Above I’ve pulled in the 2020 wages LGP, Nagbe, and Gressel made at their new MLS clubs (per latest MLSPA drop) and used editorial license to give Tito Villalba a raise up to a seven figure contract, which all sums to a grand total of $4.3M.
OK sure, $4.3M is harder to fit into the cap than $2.4M, but was it impossible? Cuz we’re led to believe that it was, when in fact after trading Nagbe and Gressel away for a combined $1.5M in 2020 allocation money, the club spent that money and then an additional $3.7M in wages on new contracts totaling $5.2M for the below players:
What was he talking about? On an individual basis could the club have renewed Villalba (even at the very high wages that Jurgen Damm makes) instead of ... signing Jurgen Damm? Yes. Could they have renewed LGP for a similar total as the one they paid Fernando Meza? Yes. Could they have given Nagbe the money it sounds like they had promised him when he first arrived in Atlanta instead of paying Hyndman and Rossetto that money instead? Seems possible. And could they have paid Julian Gressel what he wanted, surely some number modestly below what DC ended up paying him? Yeah, you bet.

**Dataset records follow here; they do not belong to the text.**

definition CE_loss :: "(nat \<Rightarrow> nat) \<Rightarrow> nat \<Rightarrow> nat \<Rightarrow> vec \<Rightarrow> nat \<Rightarrow> (nat \<Rightarrow> mat) \<Rightarrow> (nat \<Rightarrow> vec) \<Rightarrow> real" where
  "CE_loss d L C x y W b = LSE C (netF d L W b x) - netA d L W b x y + netB d L W b x y"

definition g_part :: "(nat \<Rightarrow> nat) \<Rightarrow> nat \<Rightarrow> nat \<Rightarrow> vec \<Rightarrow> nat \<Rightarrow> (nat \<Rightarrow> mat) \<Rightarrow> (nat \<Rightarrow> vec) \<Rightarrow> real" where
  "g_part d L C x y W b = LSE C (netF d L W b x) + (\<Sum>c<C. netB d L W b x c) + netB d L W b x y"

definition h_part :: "(nat \<Rightarrow> nat) \<Rightarrow> nat \<Rightarrow> nat \<Rightarrow> vec \<Rightarrow> nat \<Rightarrow> (nat \<Rightarrow> mat) \<Rightarrow> (nat \<Rightarrow> vec) \<Rightarrow> real" where
  "h_part d L C x y W b = netA d L W b x y + (\<Sum>c<C. netB d L W b x c)"

definition block_convex :: "((nat \<Rightarrow> mat) \<Rightarrow> (nat \<Rightarrow> vec) \<Rightarrow> real) \<Rightarrow> (nat \<Rightarrow> mat) \<Rightarrow> (nat \<Rightarrow> vec) \<Rightarrow> nat \<Rightarrow> bool" where
  "block_convex f W b l \<longleftrightarrow>
     (\<forall>(U1::mat) U2 (c1::vec) c2 (t::real). 0 \<le> t \<and> t \<le> 1 \<longrightarrow>
        f (W(l := (\<lambda>i j. t * U1 i j + (1 - t) * U2 i j))) (b(l := (\<lambda>i. t * c1 i + (1 - t) * c2 i)))
        \<le> t * f (W(l := U1)) (b(l := c1)) + (1 - t) * f (W(l := U2)) (b(l := c2)))"

end

theory Submission
  imports Defs "HOL-Analysis.Convex"
begin

(* Fix all blocks except theta_l = (W_l, b_l). Every coordinate of Z_k^+, Z_k^-, A and B is then a
   nonnegative convex function of theta_l. For k < l it is constant. At layer l the inputs
   Z_(l-1)^+- are constant and nonnegative, and theta_l enters through the convex entries
   relu(W_l), relu(-W_l) and the affine bias. Above layer l the weights relu(+-W_k) are nonnegative
   constants multiplying convex inputs. Sums, such products and maxima preserve convexity, so
   h = A_y + 1^T B is convex in theta_l, and so is g, because
   LSE(A - B) + 1^T B = LSE_c (A_c + sum_(c' ~= c) B_c') composes the monotone convex LSE with
   convex functions. *)

lemma block_convexI:
  assumes "\<And>U1 U2 c1 c2 t. 0 \<le> t \<Longrightarrow> t \<le> 1 \<Longrightarrow>
    f (W(l := \<lambda>i j. t * U1 i j + (1 - t) * U2 i j)) (b(l := \<lambda>i. t * c1 i + (1 - t) * c2 i))
      \<le> t * f (W(l := U1)) (b(l := c1)) + (1 - t) * f (W(l := U2)) (b(l := c2))"
  shows "block_convex f W b l"
  using assms unfolding block_convex_def by blast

Could they have done all of the above at once? It’s hard to say. If you take the $5.2M wages for new contracts and subsidize it by the $1.5M they received in the Nagbe/Gressel trades, then as a starting point they would’ve had $3.7M of cap space to fit $4.3M worth of what I estimate to be the increased wages. This would admittedly make resigning Guzan difficult, and you’d need to grab some league minimum players to fill out the roster - and Damm came halfway through the year. It’s a gap, but it’s not insurmountable, and that’s for the whole package.
Now that we can see how much the 2020 rebuild actually did cost, any suggestion that none of those four fan-favorites could’ve been retained due to budget restrictions is farcical. If these figures from the MLSPA are accurate, with a little bit of maneuvering, Atlanta might’ve been able to retain all four of those guys, even while paying them massive wages. And this doesn’t even consider any undisclosed transfer fees the club would have avoided had they renewed existing players instead of signing up new players that year. Any combination of these contract renewals would have improved the team’s performances over the last couple years in ways that are difficult to fully grasp.
And by the way, this is not to say that trading/selling those contracts was 100% incorrect. If they had made those moves and generated the additional $1.5M in cap space, and then used that cap space to hit home runs on all of the replacements with similar caliber players, Atlanta would be sitting pretty and likely dominant in the East. So this is a critique of the player recruitment decisions and of the PR soundbite given - that the club just needed to tighten their belt in 2020 because of a loaded 2018/19 rosters - not necessarily the capology of the whole thing.
Back to last Saturday. Against New England Atlanta United conceded 1.8 xG worth of chances and created their own at a rate of 0.6, coincidentally a rate of chance creation per match which Tito Villalba has averaged single-handedly over his entire career. Also on Saturday, Darlington Nagbe scored a wonder goal for the Crew, still basking in the after-glow of winning his third MLS Cup with as many teams. Julian Gressel is averaging 0.4 xG+xA per 96 for DC this year, just above his career average in MLS while exceeding Brooks Lennon’s output by over 70%. LGP continues to produce at Inter Miami, with his output landing him in the top 10 for “Goals Added” figures for a center back.
Atlanta United sits in 10th place in the East with 13 points through 13 games as they play on the road tonight in Cincinnati.